Saved data entries:
(* Idea: pick a point x of Lambda_out whose utility is within \<delta> of the optimum, together
   with a causal scheme (c, P) achieving it almost surely in the long-run time-average
   sense.  By Fatou's lemma the expected time averages over some finite horizon T are
   within \<delta> of x and of the power budget.  The stationary policy "draw a slot t uniformly
   from {0..<T}, draw an independent channel path, plug the current estimate into slot t,
   and act as the scheme does at slot t" uses only the current estimate and, because the
   scheme is causal and the channel is i.i.d., its per-slot expectations equal those
   T-slot expected averages. *)

(* Fatou's lemma in the form needed here: if nonnegative integrable functions satisfy
   a \<le> liminf f_n almost everywhere, then their expectations eventually exceed a - \<epsilon>. *)
lemma eventually_integral_gt_of_AE_liminf:
  fixes f :: "nat \<Rightarrow> 'a \<Rightarrow> real"
  assumes "prob_space M"
    and int: "\<And>n. integrable M (f n)"
    and nn: "\<And>n. AE \<omega> in M. 0 \<le> f n \<omega>"
    and lim: "AE \<omega> in M. ereal a \<le> liminf (\<lambda>n. ereal (f n \<omega>))"
    and eps: "\<epsilon> > 0"
  shows "eventually (\<lambda>n. a - \<epsilon> < integral\<^sup>L M (f n)) sequentially"
proof (cases "a - \<epsilon> < 0")
  case True
  have "0 \<le> integral\<^sup>L M (f n)" for n using nn by (intro integral_nonneg_AE) auto
  with True show ?thesis by (intro always_eventually allI) (smt (verit))
next
  case False
  interpret prob_space M by fact
  have pointwise: "ennreal a \<le> liminf (\<lambda>n. ennreal (f n \<omega>))"
    if "ereal a \<le> liminf (\<lambda>n. ereal (f n \<omega>))" for \<omega>
  proof (subst le_Liminf_iff, intro allI impI)
    fix y assume y: "y < ennreal a"
    then obtain r where r: "y = ennreal r" "0 \<le> r" "r < a"
      by (cases y) (auto simp: ennreal_less_iff)
    have "ereal r < liminf (\<lambda>n. ereal (f n \<omega>))"
      by (rule less_le_trans[OF _ that]) (use r in simp)
    then have "eventually (\<lambda>n. ereal r < ereal (f n \<omega>)) sequentially" by (rule less_LiminfD)
    then show "eventually (\<lambda>n. y < ennreal (f n \<omega>)) sequentially"
      by eventually_elim (use r in \<open>auto intro!: ennreal_lessI\<close>)
  qed
  have "AE \<omega> in M. ennreal a \<le> liminf (\<lambda>n. ennreal (f n \<omega>))"
    using lim by eventually_elim (rule pointwise)
  then have "ennreal a \<le> (\<integral>\<^sup>+ \<omega>. liminf (\<lambda>n. ennreal (f n \<omega>)) \<partial>M)"
    using nn_integral_mono_AE[of "\<lambda>_. ennreal a" _ M] by (simp add: emeasure_space_1)
  also have "\<dots> \<le> liminf (\<lambda>n. \<integral>\<^sup>+ \<omega>. ennreal (f n \<omega>) \<partial>M)"
    using int by (intro nn_integral_liminf) auto
  also have "(\<lambda>n. \<integral>\<^sup>+ \<omega>. ennreal (f n \<omega>) \<partial>M) = (\<lambda>n. ennreal (integral\<^sup>L M (f n)))"
    using int nn by (intro ext nn_integral_eq_integral) auto
  finally have "ennreal (a - \<epsilon>) < liminf (\<lambda>n. ennreal (integral\<^sup>L M (f n)))"
    using False eps by (intro less_le_trans[OF ennreal_lessI]) auto
  then have "eventually (\<lambda>n. ennreal (a - \<epsilon>) < ennreal (integral\<^sup>L M (f n))) sequentially"
    by (rule less_LiminfD)
  then show ?thesis
    by eventually_elim (use False in \<open>auto simp: ennreal_less_iff\<close>)
qed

§ Task brief
Write out the entries above word for word.

§ Written reply
(* Idea: pick a point x of Lambda_out whose utility is within \<delta> of the optimum, together
   with a causal scheme (c, P) achieving it almost surely in the long-run time-average
   sense.  By Fatou's lemma the expected time averages over some finite horizon T are
   within \<delta> of x and of the power budget.  The stationary policy "draw a slot t uniformly
   from {0..<T}, draw an independent channel path, plug the current estimate into slot t,
   and act as the scheme does at slot t" uses only the current estimate and, because the
   scheme is causal and the channel is i.i.d., its per-slot expectations equal those
   T-slot expected averages. *)

(* Fatou's lemma in the form needed here: if nonnegative integrable functions satisfy
   a \<le> liminf f_n almost everywhere, then their expectations eventually exceed a - \<epsilon>. *)
lemma eventually_integral_gt_of_AE_liminf:
  fixes f :: "nat \<Rightarrow> 'a \<Rightarrow> real"
  assumes "prob_space M"
    and int: "\<And>n. integrable M (f n)"
    and nn: "\<And>n. AE \<omega> in M. 0 \<le> f n \<omega>"
    and lim: "AE \<omega> in M. ereal a \<le> liminf (\<lambda>n. ereal (f n \<omega>))"
    and eps: "\<epsilon> > 0"
  shows "eventually (\<lambda>n. a - \<epsilon> < integral\<^sup>L M (f n)) sequentially"
proof (cases "a - \<epsilon> < 0")
  case True
  have "0 \<le> integral\<^sup>L M (f n)" for n using nn by (intro integral_nonneg_AE) auto
  with True show ?thesis by (intro always_eventually allI) (smt (verit))
next
  case False
  interpret prob_space M by fact
  have pointwise: "ennreal a \<le> liminf (\<lambda>n. ennreal (f n \<omega>))"
    if "ereal a \<le> liminf (\<lambda>n. ereal (f n \<omega>))" for \<omega>
  proof (subst le_Liminf_iff, intro allI impI)
    fix y assume y: "y < ennreal a"
    then obtain r where r: "y = ennreal r" "0 \<le> r" "r < a"
      by (cases y) (auto simp: ennreal_less_iff)
    have "ereal r < liminf (\<lambda>n. ereal (f n \<omega>))"
      by (rule less_le_trans[OF _ that]) (use r in simp)
    then have "eventually (\<lambda>n. ereal r < ereal (f n \<omega>)) sequentially" by (rule less_LiminfD)
    then show "eventually (\<lambda>n. y < ennreal (f n \<omega>)) sequentially"
      by eventually_elim (use r in \<open>auto intro!: ennreal_lessI\<close>)
  qed
  have "AE \<omega> in M. ennreal a \<le> liminf (\<lambda>n. ennreal (f n \<omega>))"
    using lim by eventually_elim (rule pointwise)
  then have "ennreal a \<le> (\<integral>\<^sup>+ \<omega>. liminf (\<lambda>n. ennreal (f n \<omega>)) \<partial>M)"
    using nn_integral_mono_AE[of "\<lambda>_. ennreal a" _ M] by (simp add: emeasure_space_1)
  also have "\<dots> \<le> liminf (\<lambda>n. \<integral>\<^sup>+ \<omega>. ennreal (f n \<omega>) \<partial>M)"
    using int by (intro nn_integral_liminf) auto
  also have "(\<lambda>n. \<integral>\<^sup>+ \<omega>. ennreal (f n \<omega>) \<partial>M) = (\<lambda>n. ennreal (integral\<^sup>L M (f n)))"
    using int nn by (intro ext nn_integral_eq_integral) auto
  finally have "ennreal (a - \<epsilon>) < liminf (\<lambda>n. ennreal (integral\<^sup>L M (f n)))"
    using False eps by (intro less_le_trans[OF ennreal_lessI]) auto
  then have "eventually (\<lambda>n. ennreal (a - \<epsilon>) < ennreal (integral\<^sup>L M (f n))) sequentially"
    by (rule less_LiminfD)
  then show ?thesis
    by eventually_elim (use False in \<open>auto simp: ennreal_less_iff\<close>)
qed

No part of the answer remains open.